Among the records that follow, count the lines where "dots" appears, and state the count by itself.
### Extracted material ###
lemma lagrangian_poly_H2_le:
  fixes x :: "nat \<Rightarrow> real"
  assumes "4 \<le> n" "D \<subseteq> {1..n} - {1, 2, 3, 4}"
    and nonneg: "\<forall>i\<in>{1..n}. 0 \<le> x i" and total: "(\<Sum>i\<in>{1..n}. x i) = 1"
  shows "lagrangian_poly (H2 n D) x \<le> sqrt 3 / 18"
proof -
  define Z where "Z = {1..n} - {1, 2, 3, 4} - D"
  define T where "T = insert 3 (insert 4 Z)"
  have fin: "finite D" "finite Z" "finite T"
    using finite_subset[OF assms(2)] unfolding Z_def T_def by simp_all
  have V: "{1..n} = insert 1 (insert 2 (T \<union> D))" "{1..n} - {1} = insert 2 (T \<union> D)"
    "{1..n} - {1, 2} = T \<union> D" "T \<inter> D = {}" "1 \<notin> insert 2 (T \<union> D)" "2 \<notin> T \<union> D"
    using assms(1,2) unfolding T_def Z_def by auto
  have Z34: "3 \<notin> insert 4 Z" "4 \<notin> Z"
    unfolding Z_def by auto
  have sum_T: "sum x T = x 3 + x 4 + sum x Z"
    unfolding T_def using fin(2) Z34 by simp
  have pair_sum_T: "pair_sum x T = pair_sum x Z + x 3 * x 4 + (x 3 + x 4) * sum x Z"
    unfolding T_def using fin(2) Z34 by (simp add: pair_sum_insert algebra_simps)
  have nonneg_on: "\<And>i. i \<in> D \<union> Z \<union> {1, 2, 3, 4} \<Longrightarrow> 0 \<le> x i"
    using nonneg assms(1,2) unfolding Z_def by auto
  have "x 1 + x 2 + (x 3 + x 4) + sum x D + sum x Z = 1"
    using total fin V(5,6) unfolding V(1) by (simp add: sum.union_disjoint V(4) sum_T)
  have "lagrangian_poly (H2 n D) x = x 1 * pair_sum x (insert 2 (T \<union> D))
      + x 2 * (pair_sum x (T \<union> D) - pair_sum x D) + x 3 * x 4 * sum x D"
    using lagrangian_poly_H2[of n D x] assms(1,2) unfolding V(2,3) by simp
  also have "\<dots> = x 1 * (pair_sum x Z + x 3 * x 4 + (x 3 + x 4) * sum x Z + pair_sum x D
          + (x 3 + x 4 + sum x Z) * sum x D + x 2 * (x 3 + x 4 + sum x Z + sum x D))
      + x 2 * (pair_sum x Z + x 3 * x 4 + (x 3 + x 4) * sum x Z + (x 3 + x 4 + sum x Z) * sum x D)
      + x 3 * x 4 * sum x D"
    using fin V(4,6)
    by (simp add: pair_sum_insert pair_sum_union sum.union_disjoint sum_T pair_sum_T algebra_simps)
  also have "\<dots> \<le> reduced_poly (x 1) (x 2) (x 3 + x 4) (sum x D) (sum x Z)"
    using fin nonneg_on
    by (intro H2_blocks_le_reduced_poly sum_nonneg pair_sum_le_half_square) auto
  also have "\<dots> \<le> sqrt 3 / 18"
    using nonneg_on \<open>x 1 + x 2 + (x 3 + x 4) + sum x D + sum x Z = 1\<close>
    by (intro reduced_poly_le add_nonneg_nonneg sum_nonneg) auto
  finally show ?thesis .
qed

lemma lagrangian_le:
  assumes "1 \<le> n"
    and "\<And>x. \<forall>i\<in>{1..n}. 0 \<le> x i \<Longrightarrow> (\<Sum>i\<in>{1..n}. x i) = 1 \<Longrightarrow> lagrangian_poly G x \<le> c"
  shows "lagrangian n G \<le> c"
  unfolding lagrangian_def
proof (rule cSup_least)
  let ?e = "\<lambda>i::nat. if i = 1 then 1 else 0 :: real"
  have "(\<Sum>i\<in>{1..n}. ?e i) = 1"
    using assms(1) by (simp add: sum.delta)
  then have "lagrangian_poly G ?e \<in> {lagrangian_poly G x |x. (\<forall>i\<in>{1..n}. 0 \<le> x i) \<and> (\<Sum>i\<in>{1..n}. x i) = 1}"
    by auto
  then show "{lagrangian_poly G x |x. (\<forall>i\<in>{1..n}. 0 \<le> x i) \<and> (\<Sum>i\<in>{1..n}. x i) = 1} \<noteq> {}"
    by blast
qed (use assms(2) in blast)
lemma card_hamming_ball_le:
  fixes p :: real
  assumes "0 < p" "p \<le> 1/2"
  shows "card {x \<in> vecs n. real (hamming n x (\<lambda>_. False)) \<le> p * real n} \<le> 2 powr (H p * real n)"
proof -
  let ?B = "{x \<in> vecs n. real (hamming n x (\<lambda>_. False)) \<le> p * real n}"
  let ?P = "{S \<in> Pow {..<n}. real (card S) \<le> p * real n}"
  have "inj_on Collect ?B"
    using bij_betw_imp_inj_on[OF bij_betw_vecs_Pow] by (rule inj_on_subset) blast
  moreover have "Collect ` ?B = ?P"
  proof (intro equalityI subsetI)
    fix S assume "S \<in> Collect ` ?B"
    then show "S \<in> ?P"
      using bij_betw_apply[OF bij_betw_vecs_Pow] by (auto simp: hamming_zero)
  next
    fix S assume S: "S \<in> ?P"
    then have "(\<lambda>i. i \<in> S) \<in> vecs n"
      by (auto simp: vecs_def)
    with S have "(\<lambda>i. i \<in> S) \<in> ?B"
      by (simp add: hamming_zero)
    then show "S \<in> Collect ` ?B"
      by (rule rev_image_eqI) simp
  qed
  ultimately have card: "card ?B = card ?P"
    using card_image by fastforce
  have "card ?P * 2 powr (- H p * real n) = (\<Sum>S\<in>?P. 2 powr (- H p * real n))"
    by simp
  also have "\<dots> \<le> (\<Sum>S\<in>?P. p ^ card S * (1 - p) ^ (n - card S))"
  proof (rule sum_mono)
    fix S assume S: "S \<in> ?P"
    then have "card S \<le> n"
      using card_mono[of "{..<n}" S] by auto
    with S show "2 powr (- H p * real n) \<le> p ^ card S * (1 - p) ^ (n - card S)"
      using assms by (intro bernoulli_weight_ge) auto
  qed
  also have "\<dots> \<le> (\<Sum>S\<in>Pow {..<n}. p ^ card S * (1 - p) ^ (n - card S))"
    by (intro sum_mono2) (use assms in auto)
  also have "\<dots> = 1"
    by (rule sum_Pow_bernoulli_weights)
  finally have "card ?P \<le> 1 / 2 powr (- H p * real n)"
    by (simp add: le_divide_eq)
  then show ?thesis
    by (simp add: card powr_minus_divide)
qed

lemma ln_S_pot_zero_code_le:
  assumes "e \<ge> 0"
  shows "ln (S_pot n p e {\<lambda>_. False})
    \<le> 2 powr (e * real n / (1 + e))
        * card {x \<in> vecs n. real (hamming n x (\<lambda>_. False)) \<le> p * real n} / 2 ^ n"
    (is "_ \<le> ?t * real (card ?B) / _")
proof -
  have "A_pot n p e {\<lambda>_. False} x = (if x \<in> ?B then ?t else 1)" if "x \<in> vecs n" for x
  proof -
    have "{c \<in> {\<lambda>_. False}. real (hamming n x c) \<le> p * real n} = (if x \<in> ?B then {\<lambda>_. False} else {})"
      using that by auto
    then show ?thesis
      by (simp add: A_pot_def list_size_def)
  qed
  then have "(\<Sum>x\<in>vecs n. A_pot n p e {\<lambda>_. False} x) = (\<Sum>x\<in>vecs n. if x \<in> ?B then ?t else 1)"
    by (rule sum.cong[OF refl])
  also have "\<dots> \<le> (\<Sum>x\<in>vecs n. 1 + (if x \<in> ?B then ?t else 0))"
    by (intro sum_mono) auto
  also have "\<dots> = 2 ^ n + ?t * card ?B"
    by (simp add: sum.distrib card_vecs sum.If_cases finite_vecs Int_def)
  finally have "S_pot n p e {\<lambda>_. False} - 1 \<le> ?t * card ?B / 2 ^ n"
    by (simp add: S_pot_def divide_le_eq field_simps)
  moreover have "ln (S_pot n p e {\<lambda>_. False}) \<le> S_pot n p e {\<lambda>_. False} - 1"
    using less_le_trans[OF zero_less_one S_pot_ge_one[OF assms]] by (rule ln_le_minus_one)
  ultimately show ?thesis
    by linarith
qed
locale inverse_semigroup =
  fixes A :: "'b set" and f :: "'b \<Rightarrow> 'b \<Rightarrow> 'b" (infixl \<open>\<cdot>\<close> 70)
  assumes closed [simp]: "a \<in> A \<Longrightarrow> b \<in> A \<Longrightarrow> a \<cdot> b \<in> A"
    and assoc [simp]: "a \<in> A \<Longrightarrow> b \<in> A \<Longrightarrow> c \<in> A \<Longrightarrow> a \<cdot> b \<cdot> c = a \<cdot> (b \<cdot> c)"
    and unique_inverse: "a \<in> A \<Longrightarrow> \<exists>!x. is_inv A f a x"
begin

abbreviation inverse (\<open>_\<^sup>-\<^sup>1\<close> [1000] 999) where "a\<^sup>-\<^sup>1 \<equiv> inv_on A f a"

lemma is_inv_inverse: "a \<in> A \<Longrightarrow> is_inv A f a (a\<^sup>-\<^sup>1)"
  unfolding inv_on_def by (rule theI') (rule unique_inverse)

lemma inverse_closed [simp]: "a \<in> A \<Longrightarrow> a\<^sup>-\<^sup>1 \<in> A"
  using is_inv_inverse[of a] unfolding is_inv_def by simp

lemma mult_inverse_mult [simp]: "a \<in> A \<Longrightarrow> a \<cdot> (a\<^sup>-\<^sup>1 \<cdot> a) = a"
  and inverse_mult_inverse [simp]: "a \<in> A \<Longrightarrow> a\<^sup>-\<^sup>1 \<cdot> (a \<cdot> a\<^sup>-\<^sup>1) = a\<^sup>-\<^sup>1"
  using is_inv_inverse[of a] unfolding is_inv_def by simp_all

lemma idem_absorb_left: "e \<in> A \<Longrightarrow> e \<cdot> e = e \<Longrightarrow> z \<in> A \<Longrightarrow> e \<cdot> (e \<cdot> z) = e \<cdot> z"
  by (metis assoc)
(* For any $V,W\in\mathcal{P}$, $\nu,p\in\mathbb{C}$ and $\alpha>0$, the integrals $$I_1=\int_{\mathcal{P}}|Y|^\nu\,\mathrm{tr}(Y^p)\,\mathrm{etr}(-VY^\alpha-WY^{-\alpha})\,\mu(dY)\quad\text{and}\quad I_2=\int_{\mathcal{P}}|Y|^\nu\,\ln|Y|\,\mathrm{etr}(-VY^\alpha-WY^{-\alpha})\,\mu(dY)$$ are convergent.
   Context: $\mathcal{P}$ is the space of positive definite $n\times n$ real symmetric matrices; $|Y|=\det Y$, $\mathrm{etr}(X)=\exp(\mathrm{tr}X)$; powers of $Y$ are defined by functional calculus; $\mu(dY)=|Y|^{-(n+1)/2}\prod_{1\le i\le j\le n}dy_{ij}$. *)

theory Defs
  imports "HOL-Analysis.Analysis" "HOL-Combinatorics.Permutations"
begin

text \<open>n x n matrices are represented as functions nat => nat => 'a, only entries
  with indices below n being relevant.\<close>

definition mmul :: "nat \<Rightarrow> (nat \<Rightarrow> nat \<Rightarrow> 'a::semiring_0) \<Rightarrow> (nat \<Rightarrow> nat \<Rightarrow> 'a) \<Rightarrow> nat \<Rightarrow> nat \<Rightarrow> 'a" where
  "mmul n A B = (\<lambda>i j. \<Sum>k<n. A i k * B k j)"

definition mtrace :: "nat \<Rightarrow> (nat \<Rightarrow> nat \<Rightarrow> 'a::comm_monoid_add) \<Rightarrow> 'a" where
  "mtrace n A = (\<Sum>i<n. A i i)"

definition mdet :: "nat \<Rightarrow> (nat \<Rightarrow> nat \<Rightarrow> 'a::comm_ring_1) \<Rightarrow> 'a" where
  "mdet n A = (\<Sum>p | p permutes {..<n}. of_int (sign p) * (\<Prod>i<n. A i (p i)))"

definition posdef :: "nat \<Rightarrow> (nat \<Rightarrow> nat \<Rightarrow> real) \<Rightarrow> bool" where
  "posdef n Y \<longleftrightarrow> (\<forall>i<n. \<forall>j<n. Y i j = Y j i) \<and>
     (\<forall>x::nat \<Rightarrow> real. (\<exists>i<n. x i \<noteq> 0) \<longrightarrow> 0 < (\<Sum>i<n. \<Sum>j<n. x i * Y i j * x j))"

definition spec_decomp :: "nat \<Rightarrow> (nat \<Rightarrow> nat \<Rightarrow> real) \<Rightarrow> (nat \<Rightarrow> nat \<Rightarrow> real) \<Rightarrow> (nat \<Rightarrow> real) \<Rightarrow> bool" where
  "spec_decomp n Y Q l \<longleftrightarrow>
     (\<forall>i<n. \<forall>j<n. (\<Sum>k<n. Q k i * Q k j) = (if i = j then 1 else 0)) \<and>
     (\<forall>i<n. \<forall>j<n. Y i j = (\<Sum>k<n. Q i k * l k * Q j k))"

definition mfun :: "nat \<Rightarrow> (real \<Rightarrow> 'a::real_algebra_1) \<Rightarrow> (nat \<Rightarrow> nat \<Rightarrow> real) \<Rightarrow> nat \<Rightarrow> nat \<Rightarrow> 'a" where
  "mfun n f Y = (let (Q, l) = (SOME (Q, l). spec_decomp n Y Q l) in
      (\<lambda>i j. \<Sum>k<n. of_real (Q i k) * f (l k) * of_real (Q j k)))"

definition mpow_real :: "nat \<Rightarrow> (nat \<Rightarrow> nat \<Rightarrow> real) \<Rightarrow> real \<Rightarrow> nat \<Rightarrow> nat \<Rightarrow> real" where
  "mpow_real n Y a = mfun n (\<lambda>t. t powr a) Y"

definition mpow_cplx :: "nat \<Rightarrow> (nat \<Rightarrow> nat \<Rightarrow> real) \<Rightarrow> complex \<Rightarrow> nat \<Rightarrow> nat \<Rightarrow> complex" where
  "mpow_cplx n Y p = mfun n (\<lambda>t. complex_of_real t powr p) Y"

text \<open>Coordinates y_ij, i <= j < n, of a symmetric matrix.\<close>
definition upper :: "nat \<Rightarrow> (nat \<times> nat) set" where
  "upper n = {(i, j). i \<le> j \<and> j < n}"

definition symm_of :: "nat \<Rightarrow> (nat \<times> nat \<Rightarrow> real) \<Rightarrow> nat \<Rightarrow> nat \<Rightarrow> real" where
  "symm_of n y = (\<lambda>i j. y (min i j, max i j))"

definition Pset :: "nat \<Rightarrow> (nat \<times> nat \<Rightarrow> real) set" where
  "Pset n = {y. posdef n (symm_of n y)}"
###
Task solution. 8